What is the molar ratio of BPC-157 to TB-500 in the Wolverine blend?

The Wolverine blend contains a 1:1 mass ratio (5 mg BPC-157 + 5 mg TB-500 per vial), but because BPC-157 has a much smaller molecular weight (1419.53 g/mol) than TB-500 (4963.44 g/mol), the molar ratio is approximately 3.5:1 in favor of BPC-157. Researchers performing molar-based dose calculations or pharmacokinetic comparisons should account for this asymmetry: 5 mg of BPC-157 equals roughly 3.52 µmol, while 5 mg of TB-500 equals roughly 1.01 µmol.

Can the BPC-157 + TB-500 blend be reconstituted in the same vial of bacteriostatic water?

Yes. The Wolverine blend is co-lyophilized, meaning both peptides are already combined within the same vial as a single dried cake. Adding bacteriostatic water dissolves both peptides simultaneously into one working solution. Both BPC-157 and TB-500 are hydrophilic and fully soluble in aqueous diluents, and they do not form covalent adducts or precipitates when combined. A 2 mL reconstitution volume yields 2.5 mg/mL of each peptide, suitable for most preclinical dosing protocols.

Why is the BPC-157 + TB-500 combination called the Wolverine blend?

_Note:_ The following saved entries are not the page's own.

lemma small_ramsey_deg_sim_eq_Least:
  assumes "\<not> has_ramsey_bound_sim Ob hom cmp idm A 0"
  shows "small_ramsey_deg_sim Ob hom cmp idm A =
    (if \<exists>n. has_ramsey_bound_sim Ob hom cmp idm A n
     then enat (LEAST n. has_ramsey_bound_sim Ob hom cmp idm A n) else \<infinity>)"
proof -
  have "(\<lambda>n. 0 < n \<and> (\<forall>k\<ge>2. \<forall>B\<in>Ob. \<exists>C\<in>Ob. arrows_sim hom cmp idm C B A k n))
      = has_ramsey_bound_sim Ob hom cmp idm A"
  proof (rule ext)
    fix n
    show "(0 < n \<and> (\<forall>k\<ge>2. \<forall>B\<in>Ob. \<exists>C\<in>Ob. arrows_sim hom cmp idm C B A k n))
        = has_ramsey_bound_sim Ob hom cmp idm A n"
      using assms unfolding has_ramsey_bound_sim_def by (cases n) auto
  qed
  then show ?thesis
    unfolding small_ramsey_deg_sim_def Let_def by simp
qed

definition class_rep :: "'a set \<Rightarrow> 'a" where
  "class_rep X = (SOME x. x \<in> X)"

lemma class_rep_mem: "x \<in> X \<Longrightarrow> class_rep X \<in> X"
  unfolding class_rep_def by (rule someI)

definition aut_coord ::
  "('o \<Rightarrow> 'o \<Rightarrow> 'm set) \<Rightarrow> ('m \<Rightarrow> 'm \<Rightarrow> 'm) \<Rightarrow> ('o \<Rightarrow> 'm) \<Rightarrow> 'o \<Rightarrow> 'm \<Rightarrow> 'm" where
  "aut_coord hom cmp idm A u =
    (THE \<alpha>. \<alpha> \<in> Aut hom cmp idm A \<and> u = cmp (class_rep (simcls hom cmp idm A u)) \<alpha>)"

locale category =
  fixes Ob :: "'o set" and hom :: "'o \<Rightarrow> 'o \<Rightarrow> 'm set"
    and cmp :: "'m \<Rightarrow> 'm \<Rightarrow> 'm" and idm :: "'o \<Rightarrow> 'm"
  assumes is_category: "is_category Ob hom cmp idm"
begin

lemma comp_closed:
  "X \<in> Ob \<Longrightarrow> Y \<in> Ob \<Longrightarrow> Z \<in> Ob \<Longrightarrow> f \<in> hom X Y \<Longrightarrow> g \<in> hom Y Z \<Longrightarrow> cmp g f \<in> hom X Z"
  using is_category unfolding is_category_def by blast

lemma comp_assoc:
  "X \<in> Ob \<Longrightarrow> Y \<in> Ob \<Longrightarrow> Z \<in> Ob \<Longrightarrow> W \<in> Ob \<Longrightarrow>
    f \<in> hom X Y \<Longrightarrow> g \<in> hom Y Z \<Longrightarrow> h \<in> hom Z W \<Longrightarrow> cmp h (cmp g f) = cmp (cmp h g) f"
  using is_category unfolding is_category_def by blast

lemma id_closed: "X \<in> Ob \<Longrightarrow> idm X \<in> hom X X"
  using is_category unfolding is_category_def by blast

lemma id_left: "X \<in> Ob \<Longrightarrow> Y \<in> Ob \<Longrightarrow> f \<in> hom X Y \<Longrightarrow> cmp (idm Y) f = f"
  using is_category unfolding is_category_def by blast

lemma id_right: "X \<in> Ob \<Longrightarrow> Y \<in> Ob \<Longrightarrow> f \<in> hom X Y \<Longrightarrow> cmp f (idm X) = f"
  using is_category unfolding is_category_def by blast

abbreviation aut :: "'o \<Rightarrow> 'm set" where "aut \<equiv> Aut hom cmp idm"

abbreviation cls :: "'o \<Rightarrow> 'm \<Rightarrow> 'm set" where "cls \<equiv> simcls hom cmp idm"

lemma Aut_hom: "\<alpha> \<in> aut X \<Longrightarrow> \<alpha> \<in> hom X X"
  unfolding Aut_def by blast

lemma id_Aut: "X \<in> Ob \<Longrightarrow> idm X \<in> aut X"
  unfolding Aut_def using id_closed id_left by fastforce

lemma Aut_inverse: "\<alpha> \<in> aut X \<Longrightarrow> \<exists>\<beta>\<in>aut X. cmp \<alpha> \<beta> = idm X"
  unfolding Aut_def by blast

lemma Aut_comp_closed:
  assumes X: "X \<in> Ob" and \<alpha>: "\<alpha> \<in> aut X" and \<beta>: "\<beta> \<in> aut X"
  shows "cmp \<alpha> \<beta> \<in> aut X"
proof -
  obtain \<alpha>' where \<alpha>': "\<alpha>' \<in> hom X X" "cmp \<alpha>' \<alpha> = idm X" "cmp \<alpha> \<alpha>' = idm X"
    using \<alpha> unfolding Aut_def by blast
  obtain \<beta>' where \<beta>': "\<beta>' \<in> hom X X" "cmp \<beta>' \<beta> = idm X" "cmp \<beta> \<beta>' = idm X"
    using \<beta> unfolding Aut_def by blast
  note homs = Aut_hom[OF \<alpha>] Aut_hom[OF \<beta>] \<alpha>'(1) \<beta>'(1)
  note assoc = comp_assoc[OF X X X X]
  have "cmp (cmp \<beta>' \<alpha>') (cmp \<alpha> \<beta>) = cmp \<beta>' (cmp (cmp \<alpha>' \<alpha>) \<beta>)"
    using homs by (simp add: assoc comp_closed[OF X X X])
  moreover have "cmp (cmp \<alpha> \<beta>) (cmp \<beta>' \<alpha>') = cmp \<alpha> (cmp (cmp \<beta> \<beta>') \<alpha>')"
    using homs by (simp add: assoc comp_closed[OF X X X])
  ultimately have "cmp (cmp \<beta>' \<alpha>') (cmp \<alpha> \<beta>) = idm X" "cmp (cmp \<alpha> \<beta>) (cmp \<beta>' \<alpha>') = idm X"
    using \<alpha>' \<beta>' homs by (simp_all add: id_left[OF X X])
  then show ?thesis
    unfolding Aut_def using homs by (blast intro: comp_closed[OF X X X])
qed

lemma comp_image_subset:
  "A \<in> Ob \<Longrightarrow> B \<in> Ob \<Longrightarrow> C \<in> Ob \<Longrightarrow> w \<in> hom B C \<Longrightarrow> cmp w ` hom A B \<subseteq> hom A C"
  using comp_closed by blast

The nickname "Wolverine" originates from research community discussions referencing the comic-book character known for accelerated tissue regeneration. It reflects the hypothesis that pairing BPC-157 (which promotes angiogenesis and growth-factor signaling) with TB-500 (which mobilizes progenitor cells via actin sequestration) may produce additive or complementary effects in tissue-repair models. The name is colloquial and has no regulatory or pharmacological standing — it is used solely within preclinical research literature as a convenient shorthand for the BPC-157 + TB-500 combination.

How should the BPC-157 + TB-500 Wolverine blend be stored long-term?

Lyophilized Wolverine blend vials should be stored at -20°C for long-term stability (24+ months when properly sealed and protected from moisture). Short-term storage at 2-8°C is acceptable for up to 60 days, and brief room-temperature transit (under 7 days) does not significantly degrade either peptide. Once reconstituted in bacteriostatic water, the solution should be refrigerated at 2-8°C and used within 14-21 days; avoid repeated freeze-thaw cycles, which can fragment the longer TB-500 chain. Protect from direct light and store upright to minimize stopper contact.

For laboratory and research use only. Not intended for human or animal consumption. All product information is derived from published preclinical research and does not constitute medical advice or claims.